**WORK ITEM:**
Copy out each line containing "assms" from the entries below.

**Saved entries:**
━━━━━━━━━━

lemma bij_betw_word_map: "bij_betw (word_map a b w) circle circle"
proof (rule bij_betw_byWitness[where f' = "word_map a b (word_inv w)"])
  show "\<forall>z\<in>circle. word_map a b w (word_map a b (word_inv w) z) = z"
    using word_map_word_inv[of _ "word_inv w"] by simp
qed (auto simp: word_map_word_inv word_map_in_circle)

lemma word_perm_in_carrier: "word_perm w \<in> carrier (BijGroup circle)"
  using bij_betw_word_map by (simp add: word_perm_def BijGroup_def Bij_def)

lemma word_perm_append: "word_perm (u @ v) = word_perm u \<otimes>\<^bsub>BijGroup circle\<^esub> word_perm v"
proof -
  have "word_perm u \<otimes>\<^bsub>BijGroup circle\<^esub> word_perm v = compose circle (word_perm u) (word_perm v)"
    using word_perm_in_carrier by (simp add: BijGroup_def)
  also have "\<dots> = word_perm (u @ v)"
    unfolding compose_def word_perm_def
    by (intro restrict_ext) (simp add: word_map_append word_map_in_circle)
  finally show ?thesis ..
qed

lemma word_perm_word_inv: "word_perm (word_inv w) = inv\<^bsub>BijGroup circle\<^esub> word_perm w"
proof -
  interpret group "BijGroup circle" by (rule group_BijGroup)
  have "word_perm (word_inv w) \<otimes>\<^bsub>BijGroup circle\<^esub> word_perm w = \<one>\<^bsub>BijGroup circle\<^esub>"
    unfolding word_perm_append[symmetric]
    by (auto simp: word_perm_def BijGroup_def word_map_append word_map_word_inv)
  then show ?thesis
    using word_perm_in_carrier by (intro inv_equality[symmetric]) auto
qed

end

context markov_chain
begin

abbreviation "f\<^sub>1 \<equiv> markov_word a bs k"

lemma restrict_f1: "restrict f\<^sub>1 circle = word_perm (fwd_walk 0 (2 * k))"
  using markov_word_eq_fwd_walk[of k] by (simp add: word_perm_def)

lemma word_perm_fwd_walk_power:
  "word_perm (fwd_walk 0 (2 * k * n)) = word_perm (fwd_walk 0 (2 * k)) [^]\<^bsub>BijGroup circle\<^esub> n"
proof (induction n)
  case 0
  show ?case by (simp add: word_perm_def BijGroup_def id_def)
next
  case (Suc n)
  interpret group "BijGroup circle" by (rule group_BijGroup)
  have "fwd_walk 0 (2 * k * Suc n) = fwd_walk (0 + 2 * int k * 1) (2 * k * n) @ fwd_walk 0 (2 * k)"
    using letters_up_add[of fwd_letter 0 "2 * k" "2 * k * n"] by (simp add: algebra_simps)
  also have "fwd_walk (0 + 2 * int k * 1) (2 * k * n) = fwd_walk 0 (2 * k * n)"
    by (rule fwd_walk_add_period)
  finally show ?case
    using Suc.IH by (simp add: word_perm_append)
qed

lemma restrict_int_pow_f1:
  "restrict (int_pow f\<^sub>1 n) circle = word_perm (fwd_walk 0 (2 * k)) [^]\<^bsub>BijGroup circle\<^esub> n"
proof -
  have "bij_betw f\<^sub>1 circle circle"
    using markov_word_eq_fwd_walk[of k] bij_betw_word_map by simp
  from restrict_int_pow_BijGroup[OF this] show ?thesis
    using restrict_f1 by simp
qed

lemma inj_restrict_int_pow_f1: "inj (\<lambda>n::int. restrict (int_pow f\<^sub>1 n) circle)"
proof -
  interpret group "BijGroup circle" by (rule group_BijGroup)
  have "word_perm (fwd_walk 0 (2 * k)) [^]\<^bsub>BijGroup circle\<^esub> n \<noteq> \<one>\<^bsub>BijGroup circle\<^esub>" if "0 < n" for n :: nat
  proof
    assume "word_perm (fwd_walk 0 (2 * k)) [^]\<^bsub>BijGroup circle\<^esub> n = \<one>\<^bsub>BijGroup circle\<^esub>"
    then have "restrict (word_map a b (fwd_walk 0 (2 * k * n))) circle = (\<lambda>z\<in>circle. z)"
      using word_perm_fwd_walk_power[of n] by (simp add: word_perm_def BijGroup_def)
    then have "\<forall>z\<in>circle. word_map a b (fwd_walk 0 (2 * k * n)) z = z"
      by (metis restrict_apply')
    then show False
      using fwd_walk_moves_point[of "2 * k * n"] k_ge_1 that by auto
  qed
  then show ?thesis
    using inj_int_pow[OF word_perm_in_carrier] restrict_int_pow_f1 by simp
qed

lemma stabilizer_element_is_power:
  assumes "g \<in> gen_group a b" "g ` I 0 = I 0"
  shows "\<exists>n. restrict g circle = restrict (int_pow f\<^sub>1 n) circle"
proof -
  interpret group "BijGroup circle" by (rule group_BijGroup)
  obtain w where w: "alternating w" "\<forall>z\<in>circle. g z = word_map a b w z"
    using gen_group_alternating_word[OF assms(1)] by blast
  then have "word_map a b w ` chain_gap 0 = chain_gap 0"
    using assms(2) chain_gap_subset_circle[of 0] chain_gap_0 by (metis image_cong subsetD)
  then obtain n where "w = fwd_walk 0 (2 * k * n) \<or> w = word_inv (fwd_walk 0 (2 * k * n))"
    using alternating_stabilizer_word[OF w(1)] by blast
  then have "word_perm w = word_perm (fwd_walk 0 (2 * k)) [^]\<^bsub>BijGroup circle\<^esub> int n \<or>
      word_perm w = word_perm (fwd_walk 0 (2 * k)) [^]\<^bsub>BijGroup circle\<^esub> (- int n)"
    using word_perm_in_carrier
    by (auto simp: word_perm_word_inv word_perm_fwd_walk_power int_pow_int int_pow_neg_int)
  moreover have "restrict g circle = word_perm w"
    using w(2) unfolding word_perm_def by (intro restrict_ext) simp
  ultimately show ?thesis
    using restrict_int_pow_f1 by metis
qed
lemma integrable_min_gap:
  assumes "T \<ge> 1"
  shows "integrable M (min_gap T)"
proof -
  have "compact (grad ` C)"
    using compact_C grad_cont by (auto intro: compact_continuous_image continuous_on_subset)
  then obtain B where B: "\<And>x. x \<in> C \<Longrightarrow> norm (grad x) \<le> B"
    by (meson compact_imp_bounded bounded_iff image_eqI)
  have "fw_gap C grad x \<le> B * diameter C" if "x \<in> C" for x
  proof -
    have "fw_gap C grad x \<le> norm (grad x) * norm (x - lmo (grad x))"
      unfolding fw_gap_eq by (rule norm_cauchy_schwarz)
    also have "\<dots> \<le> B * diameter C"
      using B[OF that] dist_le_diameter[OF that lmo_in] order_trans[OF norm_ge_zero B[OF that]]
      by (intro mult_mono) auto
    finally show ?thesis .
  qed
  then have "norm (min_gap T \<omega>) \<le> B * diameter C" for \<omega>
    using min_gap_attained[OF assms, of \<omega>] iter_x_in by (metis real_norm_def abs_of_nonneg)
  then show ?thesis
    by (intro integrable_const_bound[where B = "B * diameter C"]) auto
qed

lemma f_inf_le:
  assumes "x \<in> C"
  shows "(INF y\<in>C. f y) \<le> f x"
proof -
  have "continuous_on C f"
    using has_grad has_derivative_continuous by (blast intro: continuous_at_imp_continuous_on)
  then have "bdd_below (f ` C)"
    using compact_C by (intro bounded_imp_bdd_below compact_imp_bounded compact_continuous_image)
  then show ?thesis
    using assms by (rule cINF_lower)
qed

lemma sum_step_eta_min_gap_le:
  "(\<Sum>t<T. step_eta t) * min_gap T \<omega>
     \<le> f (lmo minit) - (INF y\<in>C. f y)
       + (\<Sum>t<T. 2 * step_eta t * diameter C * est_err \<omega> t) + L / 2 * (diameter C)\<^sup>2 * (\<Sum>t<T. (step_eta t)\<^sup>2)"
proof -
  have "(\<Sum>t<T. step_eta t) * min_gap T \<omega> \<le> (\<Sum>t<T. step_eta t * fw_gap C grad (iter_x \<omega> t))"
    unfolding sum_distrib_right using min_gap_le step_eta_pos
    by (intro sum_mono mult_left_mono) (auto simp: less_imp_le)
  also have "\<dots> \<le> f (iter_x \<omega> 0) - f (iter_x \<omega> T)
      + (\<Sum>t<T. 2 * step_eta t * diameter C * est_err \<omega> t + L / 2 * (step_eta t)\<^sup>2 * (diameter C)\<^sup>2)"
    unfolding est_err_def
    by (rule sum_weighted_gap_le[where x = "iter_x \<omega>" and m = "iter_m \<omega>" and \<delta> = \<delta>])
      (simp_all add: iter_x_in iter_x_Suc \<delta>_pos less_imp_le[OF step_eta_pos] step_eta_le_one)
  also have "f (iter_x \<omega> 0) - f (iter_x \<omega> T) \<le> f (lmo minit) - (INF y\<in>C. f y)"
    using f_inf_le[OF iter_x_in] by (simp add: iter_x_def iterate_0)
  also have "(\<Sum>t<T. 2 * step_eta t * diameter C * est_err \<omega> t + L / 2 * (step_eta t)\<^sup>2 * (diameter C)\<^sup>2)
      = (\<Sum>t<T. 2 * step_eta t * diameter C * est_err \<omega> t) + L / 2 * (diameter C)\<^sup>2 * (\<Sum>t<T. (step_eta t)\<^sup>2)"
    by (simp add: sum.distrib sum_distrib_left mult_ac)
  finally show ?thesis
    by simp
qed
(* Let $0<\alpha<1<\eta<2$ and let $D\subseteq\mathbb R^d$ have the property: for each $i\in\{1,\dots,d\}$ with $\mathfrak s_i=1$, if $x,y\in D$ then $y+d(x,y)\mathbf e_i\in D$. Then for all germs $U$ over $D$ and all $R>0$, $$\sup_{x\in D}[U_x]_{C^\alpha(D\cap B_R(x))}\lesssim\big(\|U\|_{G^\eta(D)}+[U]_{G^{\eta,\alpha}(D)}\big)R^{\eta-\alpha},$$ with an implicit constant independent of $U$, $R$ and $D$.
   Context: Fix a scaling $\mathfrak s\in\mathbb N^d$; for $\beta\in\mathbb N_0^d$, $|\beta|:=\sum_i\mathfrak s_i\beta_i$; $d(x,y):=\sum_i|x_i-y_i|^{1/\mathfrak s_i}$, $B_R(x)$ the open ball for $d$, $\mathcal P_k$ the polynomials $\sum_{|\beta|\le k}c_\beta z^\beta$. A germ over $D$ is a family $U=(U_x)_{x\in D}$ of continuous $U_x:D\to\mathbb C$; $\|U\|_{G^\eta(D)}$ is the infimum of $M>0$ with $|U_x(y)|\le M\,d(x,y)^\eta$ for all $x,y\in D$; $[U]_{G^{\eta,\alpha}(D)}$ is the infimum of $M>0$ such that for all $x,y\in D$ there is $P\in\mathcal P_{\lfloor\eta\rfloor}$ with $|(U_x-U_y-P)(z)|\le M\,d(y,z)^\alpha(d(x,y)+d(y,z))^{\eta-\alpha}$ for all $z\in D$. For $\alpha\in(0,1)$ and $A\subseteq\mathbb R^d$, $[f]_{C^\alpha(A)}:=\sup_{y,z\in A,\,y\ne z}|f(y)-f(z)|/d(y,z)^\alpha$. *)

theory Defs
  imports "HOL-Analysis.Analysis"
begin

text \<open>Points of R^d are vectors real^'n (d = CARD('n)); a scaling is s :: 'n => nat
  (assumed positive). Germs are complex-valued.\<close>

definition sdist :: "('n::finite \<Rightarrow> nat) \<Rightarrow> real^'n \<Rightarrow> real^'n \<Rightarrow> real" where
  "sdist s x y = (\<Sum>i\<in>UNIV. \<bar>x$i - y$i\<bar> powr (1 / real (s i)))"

━━━━━━━━━━

**WORKED SOLUTION:**
    using gen_group_alternating_word[OF assms(1)] by blast
    using assms(2) chain_gap_subset_circle[of 0] chain_gap_0 by (metis image_cong subsetD)
    using min_gap_attained[OF assms, of \<omega>] iter_x_in by (metis real_norm_def abs_of_nonneg)
    using assms by (rule cINF_lower)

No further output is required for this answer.